As to a refund, we are of the opinion that the claimant is in laches. Deductions were made beginning April 1st, 1933, and he waited five years before seeking relief from what he now says was an illegal exaction from his pension money. An estoppel by conduct, as to past deductions, exists. The main question in the case, however, concerns present and future deductions.
It is true, as relator claims, that after his death no pension benefit could come to any woman he might now marry since the statute, supra (43:16-3, 16-4) provides that no such claim, by a widow of a deceased member of the pension fund, shall be honored if the parties were married after the "member" shall have retired and shall have reached fifty years of age which, of course, would be the situation in this case. It is clear that such widow would have no claim. But suppose there were children born of such marriage — quaere, would they have a valid claim arising out of their father's contributions to the pension fund?
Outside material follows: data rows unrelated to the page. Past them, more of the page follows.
(* Let $\ell\ge3$ be an odd integer and $q=(\ell^2-1)/2$, so $2q+1=\ell^2$. Define $g:\mathbb Z_{2q+1}\to\mathbb R$ by $g(n)=\sin(2\pi|n|/\ell)$ if $|n|\le\ell$ and $g(n)=0$ otherwise ($|n|\le q$). Then for $|n|\le q$, $$\widehat g(n)=\frac{2\sin^2(\pi n/\ell)\sin(2\pi/\ell)}{\ell\,\big(\cos(2\pi n/\ell^2)-\cos(2\pi/\ell)\big)},$$ and $f_\star=g-\widehat g$ satisfies $\widehat{f_\star}=-f_\star$, $f_\star(0)=0$, $f_\star(n)\ge0$ for $\ell\le|n|\le q$, and a positive multiple of $f_\star$ lies in $\mathcal A^{\rm disc}_-(q)$ with $k_{-f_\star}=\ell$. Consequently $\mathbb A^{\rm disc}_-(q)\le\ell=\sqrt{2q+1}$.
   Context: $\mathbb Z_{2q+1}$ is the integers modulo $2q+1$ with representatives $\{-q,\dots,q\}$, and $|n|$ denotes the absolute value of the representative of $n$. The discrete Fourier transform is $\widehat f(k)=\frac1{\sqrt{2q+1}}\sum_{n=-q}^qf(n)e^{-2\pi ikn/(2q+1)}$ (at $n=0$ the formula for $\widehat g$ is interpreted as $0$). For $s\in\{+1,-1\}$, $\mathcal A^{\rm disc}_s(q)$ is the set of even $f:\mathbb Z_{2q+1}\to\mathbb R$ with $sf(0)\le0$, $\widehat f(0)\le0$, $f(\pm q)\ge1$ and $s\widehat f(\pm q)\ge1$; $k_{sf}$ is the smallest nonnegative integer $k$ such that $f(n)\ge0$ and $s\widehat f(n)\ge0$ whenever $k\le|n|\le q$; and $\mathbb A^{\rm disc}_s(q)=\min\{k_{sf}: f\in\mathcal A^{\rm disc}_s(q)\}$. *)

theory Defs
  imports "HOL-Analysis.Analysis"
begin

text \<open>Functions on Z_{2q+1} are modelled as int => real; only the values on the
representatives -q..q matter.  The DFT is complex-valued.\<close>

definition dft :: "nat \<Rightarrow> (int \<Rightarrow> real) \<Rightarrow> int \<Rightarrow> complex" where
  "dft q f k = (1 / of_real (sqrt (real (2*q+1)))) *
     (\<Sum>n\<in>{-int q..int q}. of_real (f n) *
        exp (- (2 * of_real pi * \<i> * of_int k * of_int n / of_nat (2*q+1))))"

definition even_disc :: "nat \<Rightarrow> (int \<Rightarrow> real) \<Rightarrow> bool" where
  "even_disc q f \<longleftrightarrow> (\<forall>n. \<bar>n\<bar> \<le> int q \<longrightarrow> f (-n) = f n)"

text \<open>For even real f the DFT is real; we use its real part.\<close>
definition A_disc :: "real \<Rightarrow> nat \<Rightarrow> (int \<Rightarrow> real) set" where
  "A_disc s q = {f. even_disc q f \<and> s * f 0 \<le> 0 \<and> Re (dft q f 0) \<le> 0 \<and>
      f (int q) \<ge> 1 \<and> f (- int q) \<ge> 1 \<and>
      s * Re (dft q f (int q)) \<ge> 1 \<and> s * Re (dft q f (- int q)) \<ge> 1}"

definition k_sf :: "real \<Rightarrow> nat \<Rightarrow> (int \<Rightarrow> real) \<Rightarrow> nat" where
  "k_sf s q f = (LEAST k::nat. \<forall>n. int k \<le> \<bar>n\<bar> \<and> \<bar>n\<bar> \<le> int q \<longrightarrow>
      f n \<ge> 0 \<and> s * Re (dft q f n) \<ge> 0)"

definition AA_disc :: "real \<Rightarrow> nat \<Rightarrow> nat" where
  "AA_disc s q = Inf (k_sf s q ` A_disc s q)"

end

theory Submission
  imports Defs
begin

text \<open>For even \<open>g\<close> the DFT is a cosine sum; for the sine pulse it is
  \<open>(2/l) \<Sum>\<^sub>j\<^sub>=\<^sub>1\<^sup>l sin (2ja) cos (2jb)\<close> with \<open>a = \<pi>/l\<close>, \<open>b = \<pi>n/l\<^sup>2\<close>, and product-to-sum formulas turn it
  into two telescoping sums, which gives the closed form of \<open>\<hat>g\<close>.  Applying the DFT twice
  reflects, so \<open>f\<^sub>\<star> = g - \<hat>g\<close> satisfies \<open>\<hat>f\<^sub>\<star> = \<hat>g - g = -f\<^sub>\<star>\<close>.  The sign of \<open>\<hat>g(n)\<close> is that of
  \<open>cos (2\<pi>n/l\<^sup>2) - cos (2\<pi>/l)\<close>, hence \<open>\<hat>g \<le> 0\<close> exactly for \<open>l \<le> |n|\<close>, where \<open>g\<close> vanishes; so \<open>f\<^sub>\<star> \<ge> 0\<close>
  there, and \<open>f\<^sub>\<star>(q) > 0\<close> because \<open>l\<close> does not divide \<open>q\<close>.  At \<open>n = l - 1\<close> instead \<open>g < 0 \<le> \<hat>g\<close>,
  so the sign condition fails just below \<open>l\<close>.\<close>

section \<open>Trigonometric sums\<close>

lemma two_sin_mult_sin: "2 * sin x * sin y = cos (y - x) - cos (y + x :: real)"
  by (simp add: cos_diff cos_add)

lemma sin_sum_telescope:
  "2 * sin y * (\<Sum>n=1..m. sin (2 * real n * y)) = cos y - cos ((2 * real m + 1) * y)"
proof (induction m)
  case 0
  then show ?case by simp
next
  case (Suc m)
  have "2 * sin y * sin (2 * real (Suc m) * y) = cos ((2 * real m + 1) * y) - cos ((2 * real (Suc m) + 1) * y)"
    by (subst two_sin_mult_sin) (simp add: algebra_simps)
  with Suc show ?case
    by (simp add: distrib_left)
qed

lemma sin_mult_cos_diff_combination:
  fixes a b c :: real
  shows "sin (a - b) * (cos (a + b) - cos (a + b + 2*c)) + sin (a + b) * (cos (a - b) - cos (a - b - 2*c))
        = 2 * (sin c)^2 * sin (2*a)"
proof -
  have "cos (a + b) - cos (a + b + 2*c) = 2 * sin (a + b + c) * sin c"
    using two_sin_mult_sin[of c "a+b+c"] by (simp add: algebra_simps)
  moreover have "cos (a - b) - cos (a - b - 2*c) = - 2 * sin (a - b - c) * sin c"
    using two_sin_mult_sin[of c "a-b-c"] by (simp add: algebra_simps)
  moreover have "sin (a - b) * sin (a + b + c) - sin (a + b) * sin (a - b - c) = sin c * sin (2*a)"
  proof -
    have "sin (2*a) = sin ((a+b) + (a-b))" by simp
    then show ?thesis
      unfolding sin_add[of "a+b" c] sin_diff[of "a-b" c] sin_add[of "a+b" "a-b"]
      by (simp add: algebra_simps)
  qed
  ultimately have "sin (a - b) * (cos (a + b) - cos (a + b + 2*c)) + sin (a + b) * (cos (a - b) - cos (a - b - 2*c))
     = 2 * sin c * (sin c * sin (2*a))"
    by (simp only:) (simp add: algebra_simps)
  then show ?thesis
    by (simp add: power2_eq_square)
qed

lemma sum_sin_mult_cos_closed_form:
  fixes a b :: real
  assumes la: "real l * a = pi"
  shows "(cos (2*b) - cos (2*a)) * (\<Sum>n=1..l. sin (2 * real n * a) * cos (2 * real n * b))
       = (sin (real l * b))^2 * sin (2*a)"
proof -
  define Sp where "Sp = (\<Sum>n=1..l. sin (2 * real n * (a+b)))"
  define Sm where "Sm = (\<Sum>n=1..l. sin (2 * real n * (a-b)))"
  have "(2 * real l + 1) * (a + b) = (a + b + 2 * (real l * b)) + 2 * pi"
    "(2 * real l + 1) * (a - b) = (a - b - 2 * (real l * b)) + 2 * pi"
    using la by (simp_all add: algebra_simps)
  then have Sp: "2 * sin (a+b) * Sp = cos (a+b) - cos (a + b + 2 * (real l * b))"
    and Sm: "2 * sin (a-b) * Sm = cos (a-b) - cos (a - b - 2 * (real l * b))"
    unfolding Sp_def Sm_def sin_sum_telescope by simp_all
  have "(\<Sum>n=1..l. sin (2 * real n * a) * cos (2 * real n * b))
      = (\<Sum>n=1..l. (sin (2 * real n * (a+b)) + sin (2 * real n * (a-b))) / 2)"
    by (rule sum.cong) (simp_all add: distrib_left right_diff_distrib sin_add sin_diff)
  then have sum: "(\<Sum>n=1..l. sin (2 * real n * a) * cos (2 * real n * b)) = (Sp + Sm) / 2"
    unfolding Sp_def Sm_def by (simp add: sum.distrib flip: sum_divide_distrib)
  have diff: "cos (2*b) - cos (2*a) = 2 * sin (a+b) * sin (a-b)"
    using two_sin_mult_sin[of "a+b" "a-b"] by (simp add: algebra_simps)
  have "(cos (2*b) - cos (2*a)) * (\<Sum>n=1..l. sin (2 * real n * a) * cos (2 * real n * b))
     = (sin (a-b) * (2 * sin (a+b) * Sp) + sin (a+b) * (2 * sin (a-b) * Sm)) / 2"
    unfolding sum diff by (simp add: algebra_simps)
  also have "\<dots> = (sin (real l * b))^2 * sin (2*a)"
    unfolding Sp Sm sin_mult_cos_diff_combination by simp
  finally show ?thesis .
qed

lemma sum_sin_mult_cos_self:
  fixes a :: real
  assumes la: "real l * a = pi" and "sin (2*a) \<noteq> 0"
  shows "(\<Sum>n=1..l. sin (2 * real n * a) * cos (2 * real n * a)) = 0"
proof -
  have "(2 * real l + 1) * (2 * a) = (2*a + 2 * pi) + 2 * pi"
    using la by (simp add: algebra_simps)
  then have "cos ((2 * real l + 1) * (2 * a)) = cos (2*a)"
    by (simp only: cos_periodic)
  then have "2 * sin (2*a) * (\<Sum>n=1..l. sin (2 * real n * (2*a))) = 0"
    unfolding sin_sum_telescope by simp
  moreover have "(\<Sum>n=1..l. sin (2 * real n * a) * cos (2 * real n * a))
      = (\<Sum>n=1..l. sin (2 * real n * (2*a))) / 2"
    unfolding sum_divide_distrib
  proof (rule sum.cong)
    fix n
    have "sin (2 * real n * (2*a)) = sin (2 * (2 * real n * a))" by (simp add: algebra_simps)
    then show "sin (2 * real n * a) * cos (2 * real n * a) = sin (2 * real n * (2*a)) / 2"
      unfolding sin_double by simp
  qed simp
  ultimately show ?thesis
    using assms(2) by simp
qed

text \<open>If the denominator vanishes then \<open>b = \<plusminus>a\<close> and the sum is \<open>0\<close>, matching \<open>x / 0 = 0\<close>.\<close>
lemma sum_sin_mult_cos_eq:
  fixes a b :: real
  assumes la: "real l * a = pi" and a: "0 < 2*a" "2*a < pi" and b: "\<bar>2*b\<bar> \<le> pi"
  shows "(\<Sum>n=1..l. sin (2 * real n * a) * cos (2 * real n * b))
       = (sin (real l * b))^2 * sin (2*a) / (cos (2*b) - cos (2*a))"
proof (cases "cos (2*b) = cos (2*a)")
  case True
  have "\<bar>2*b\<bar> = 2*a"
    by (rule cos_inj_pi) (use True a b in simp_all)
  then have "b = a \<or> b = -a"
    by arith
  then have "cos (2 * real n * b) = cos (2 * real n * a)" for n
    by auto
  then have "(\<Sum>n=1..l. sin (2 * real n * a) * cos (2 * real n * b)) = 0"
    using sum_sin_mult_cos_self[OF la] sin_gt_zero[OF a] by simp
  with True show ?thesis
    by simp
next
  case False
  show ?thesis
    by (rule eq_divide_imp) (use False sum_sin_mult_cos_closed_form[OF la, of b] in \<open>simp_all add: mult.commute\<close>)
qed

section \<open>The discrete Fourier transform\<close>

lemma sum_symmetric_interval:
  fixes h :: "int \<Rightarrow> 'a::comm_monoid_add"
  shows "(\<Sum>n\<in>{-int m..int m}. h n) = h 0 + (\<Sum>j=1..m. h (int j) + h (- int j))"
proof (induction m)
  case 0
  then show ?case by simp
next
  case (Suc m)
  have "{-int (Suc m)..int (Suc m)} = insert (int (Suc m)) (insert (-int (Suc m)) {-int m..int m})"
    by auto
  with Suc show ?case
    by (simp add: algebra_simps)
qed

lemma dft_even_eq:
  assumes "even_disc q f"
  shows "dft q f k = of_real ((f 0 + (\<Sum>j=1..q. 2 * f (int j) * cos (2*pi*k*j / (2*q+1))))
                                / sqrt (2*q+1))"
proof -
  let ?t = "\<lambda>n. of_real (f n) * exp (- (2 * of_real pi * \<i> * of_int k * of_int n / of_nat (2*q+1)))"
  have "?t (int j) + ?t (- int j) = of_real (2 * f (int j) * cos (2*pi*k*j / (2*q+1)))"
    if "j \<in> {1..q}" for j
  proof -
    have "f (- int j) = f (int j)" using assms that unfolding even_disc_def by simp
    then have "?t (int j) + ?t (- int j)
        = of_real (f (int j)) * (cis (- (2*pi*k*j / (2*q+1))) + cis (2*pi*k*j / (2*q+1)))"
      by (simp add: cis_conv_exp algebra_simps)
    also have "cis (- (2*pi*k*j / (2*q+1))) + cis (2*pi*k*j / (2*q+1)) = of_real (2 * cos (2*pi*k*j / (2*q+1)))"
      by (simp add: complex_eq_iff)
    finally show ?thesis by simp
  qed
  then have "(\<Sum>n\<in>{-int q..int q}. ?t n) = of_real (f 0 + (\<Sum>j=1..q. 2 * f (int j) * cos (2*pi*k*j / (2*q+1))))"
    unfolding sum_symmetric_interval by simp
  then show ?thesis
    unfolding dft_def by simp
qed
The statutory provisions, as we read them, provide that deduction shall be made from pension money after the member's retirement as well as deductions from salary before retirement (43:16-3). The objection of the relator is that any deduction from his pension money is unjust since he has no dependents and says he can have none. That he has no dependents now is admitted; that he can have none who may be benefited cannot be admitted, as we pointed out above. It is not optional with a pensioner to pay or not to pay out of pension the amount of the deductions fixed by the statute (43:16-3; 43:16-5). Whalen v. Pension Commission, c., 7 N.J. Mis. R. 964 ; affirmed, 107 N.J.L. 198 .
It may be that the relator may never have a dependent who could profit under the pension plan outlined by the statute. If this turns out to be the fact it is a situation perhaps that the legislature did not foresee — a casus omissus — but the general language of the act comprehends the relator as well as those members or pensioners who have dependents in esse.
The writ is dismissed and judgment will be for the respondent with costs.